3.4 WRITTEN ACTIONS OF THE BOARD. Any action required or permitted to
be taken at any meeting of the Board may be taken without a meeting if all
Directors consent thereto in writing.
3.5 BOARD COMPENSATION; PAYMENT OF EXPENSES. No compensation shall be
paid to any Director in connection with the fulfillment of such Director's
responsibilities unless such compensation shall have been approved by a majority
vote of Membership Interests entitled to vote. The Company shall reimburse all
Directors for all reasonable out-of-pocket expenses incurred in connection with
such Director's obligations in this Agreement or the Act.
3.6 COMMITTEES OF THE BOARD. The Chairman may from time to time
propose the formation of one or more committees to the Board for the Board's
approval. Each committee is to be composed of such number of Directors, not
fewer than two, as the Chairman may propose and the Board approve. Any
committee, to the extent proposed by the Chairman and approved by the Board, may
have and may exercise all of the power and authority of the Board. All the
provisions of this Agreement apply to committees of the Board. A vote of at
least a majority of the members of a committee is approval by, or the
authorization of, any committee.
3.7 OFFICERS. The Board may from time to time appoint any number of
officers of the Company and its subsidiaries, and may delegate to such officers
such power, authority and responsibilities, as it deems appropriate. Such
officers may include a chairman, chief executive officer, a president, one or
more executive or senior vice presidents or vice presidents, a secretary, a
treasurer, an assistant secretary and an assistant treasurer, each with the
power, authority and responsibilities as determined by the Board. Any number of
offices may be held by the same person.

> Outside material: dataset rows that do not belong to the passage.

lemma tmix_le:
  assumes "1 \<le> k" "\<And>u. u \<in> states k n \<Longrightarrow> tv_dist k n t u \<le> \<epsilon>"
  shows "tmix k n \<epsilon> \<le> t"
  unfolding tmix_def
proof (rule Least_le)
  have "states k n \<noteq> {}"
    using replicate_in_states[OF assms(1)] by blast
  then show "Max ((\<lambda>u. tv_dist k n t u) ` states k n) \<le> \<epsilon>"
    using assms(2) by (simp add: finite_states)
qed

theorem theorem4p5:
  fixes k n :: nat and \<epsilon> :: real
  assumes "1 \<le> k" and "k < n" and "0 < \<epsilon>" and "\<epsilon> < 1"
  shows "real (tmix k n \<epsilon>) \<le> of_int \<lceil>real (fact (k - 1)) * ln (1 / \<epsilon>)\<rceil>"
proof -
  define T where "T = nat \<lceil>real (fact (k - 1)) * ln (1 / \<epsilon>)\<rceil>"
  have "tv_dist k n T u \<le> \<epsilon>" if "u \<in> states k n" for u
    using tv_dist_le[OF that _ assms(1), of T] assms power_one_minus_inverse_le[of "fact (k - 1)" \<epsilon>]
    by (simp add: T_def)
  then have "tmix k n \<epsilon> \<le> T"
    by (rule tmix_le[OF assms(1)])
  moreover have "0 \<le> real (fact (k - 1)) * ln (1 / \<epsilon>)"
    using assms(3,4) by simp
  ultimately show ?thesis
    unfolding T_def by linarith
qed

end
theorem corollary2:
  fixes M :: "'a measure" and \<gamma> :: "'a \<Rightarrow> real"
    and K :: nat and n :: "nat \<Rightarrow> nat"
    and c :: "nat \<Rightarrow> complex" and a b :: "nat \<Rightarrow> nat \<Rightarrow> complex"
    and p :: real
  assumes "prob_space M"
    and "\<gamma> \<in> borel_measurable M"
    and "AE \<omega> in M. \<gamma> \<omega> \<ge> 0"
    and mgf: "\<And>s::real. s \<le> 0 \<Longrightarrow>
        complex_of_real (integral\<^sup>L M (\<lambda>\<omega>. exp (s * \<gamma> \<omega>)))
          = (\<Sum>k<K. c k * (\<Prod>i<n k. (1 - complex_of_real s / a k i) powr (- b k i)))"
    and "\<And>k i. k < K \<Longrightarrow> i < n k \<Longrightarrow> Re (a k i) > 0"
    and "\<And>k. k < K \<Longrightarrow> (\<Sum>i<n k. b k i) \<in> \<real> \<and> Re (\<Sum>i<n k. b k i) > 0"
    and "(\<Sum>k<K. c k) = 1"
    and "p > 0"
  shows "complex_of_real (integral\<^sup>L M (\<lambda>\<omega>. Qfun (sqrt (p * \<gamma> \<omega>))))
    = (1 / (2 * pi)) * (\<Sum>k<K. c k * (\<Prod>i<n k. a k i powr b k i)
        * complex_of_real (2 / p) powr (\<Sum>i<n k. b k i)
        * (LBINT u:{0<..<1}.
             complex_of_real u powr (- 1 / 2 + (\<Sum>i<n k. b k i))
             * complex_of_real (1 - u) powr (- 1 / 2)
             * (\<Prod>i<n k. (1 + 2 * a k i / complex_of_real p * complex_of_real u) powr (- b k i))))"
proof -
  interpret prob_space M by fact
  \<comment> \<open>Neither \<open>\<Sum>k<K. c k = 1\<close> nor \<open>B\<^sub>k \<in> \<real>\<close> is needed; only \<open>Re B\<^sub>k > 0\<close> enters, for integrability at \<open>u = 0\<close>.\<close>
  let ?S = "{0<..<1::real}"
  let ?L = "\<lambda>u. expectation (\<lambda>\<omega>. exp ((- p / (2 * u)) * \<gamma> \<omega>))"
  let ?E = "\<lambda>k u. complex_of_real (craig_weight u)
      * (\<Prod>i<n k. (1 - complex_of_real (- p / (2 * u)) / a k i) powr (- b k i))"
  have weighted_mgf: "complex_of_real (craig_weight u * ?L u) = (\<Sum>k<K. c k * ?E k u)" if "u \<in> ?S" for u
  proof -
    have "complex_of_real (?L u)
        = (\<Sum>k<K. c k * (\<Prod>i<n k. (1 - complex_of_real (- p / (2 * u)) / a k i) powr (- b k i)))"
      using that \<open>p > 0\<close> by (intro mgf) (auto simp: divide_nonneg_pos)
    then show ?thesis
      by (simp add: sum_distrib_left mult_ac)
  qed
  note component = craig_mgf_component[of "{..<n k}" "a k" p "b k" for k]
  have "expectation (\<lambda>\<omega>. Qfun (sqrt (p * \<gamma> \<omega>))) = 1 / pi * (LBINT u:?S. craig_weight u * ?L u)"
    using expectation_Qfun_Craig[OF assms(2,3,8)] by (simp add: field_simps)
  then have "complex_of_real (expectation (\<lambda>\<omega>. Qfun (sqrt (p * \<gamma> \<omega>))))
      = 1 / pi * complex_of_real (LBINT u:?S. craig_weight u * ?L u)"
    by simp
  also have "complex_of_real (LBINT u:?S. craig_weight u * ?L u) = (LBINT u:?S. \<Sum>k<K. c k * ?E k u)"
    unfolding set_integral_complex_of_real[symmetric]
    by (rule set_lebesgue_integral_cong) (simp, blast intro: weighted_mgf)
  also have "\<dots> = (\<Sum>k<K. c k * (LBINT u:?S. ?E k u))"
    using component(1) assms(5,6,8) by (subst set_integral_sum) auto
  also have "\<dots> = (\<Sum>k<K. c k * (1 / 2 * (\<Prod>i<n k. a k i powr b k i)
        * complex_of_real (2 / p) powr (\<Sum>i<n k. b k i)
        * (LBINT u:?S. complex_of_real u powr (- 1 / 2 + (\<Sum>i<n k. b k i))
             * complex_of_real (1 - u) powr (- 1 / 2)
             * (\<Prod>i<n k. (1 + 2 * a k i / complex_of_real p * complex_of_real u) powr (- b k i)))))"
    using component(2) assms(5,6,8) by (intro sum.cong) auto
  finally show ?thesis
    by (simp add: sum_distrib_left mult_ac)
qed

Any officer, other than the Chairman,
may be removed, with or without cause, by the Board.
3.8 GOOD FAITH RELIANCE.
(a) The Chairman, any Director, any officer or any employee of the
Company or any of its subsidiaries in the performance of his, her, or its
duties, is entitled to rely in good faith on information, opinions, reports, or
other statements, including financial statements, books of account, and other
financial data, if prepared or presented by: (i) one or more employees of the
Company or of any of its subsidiaries if the person relying on the statements
reasonably believes that the person preparing or presenting the material is
reliable and competent in that matter; or (ii) legal counsel, public
accountants, or other persons as to matters that the person relying on the
statements reasonably believes are within such person's professional or expert
competence.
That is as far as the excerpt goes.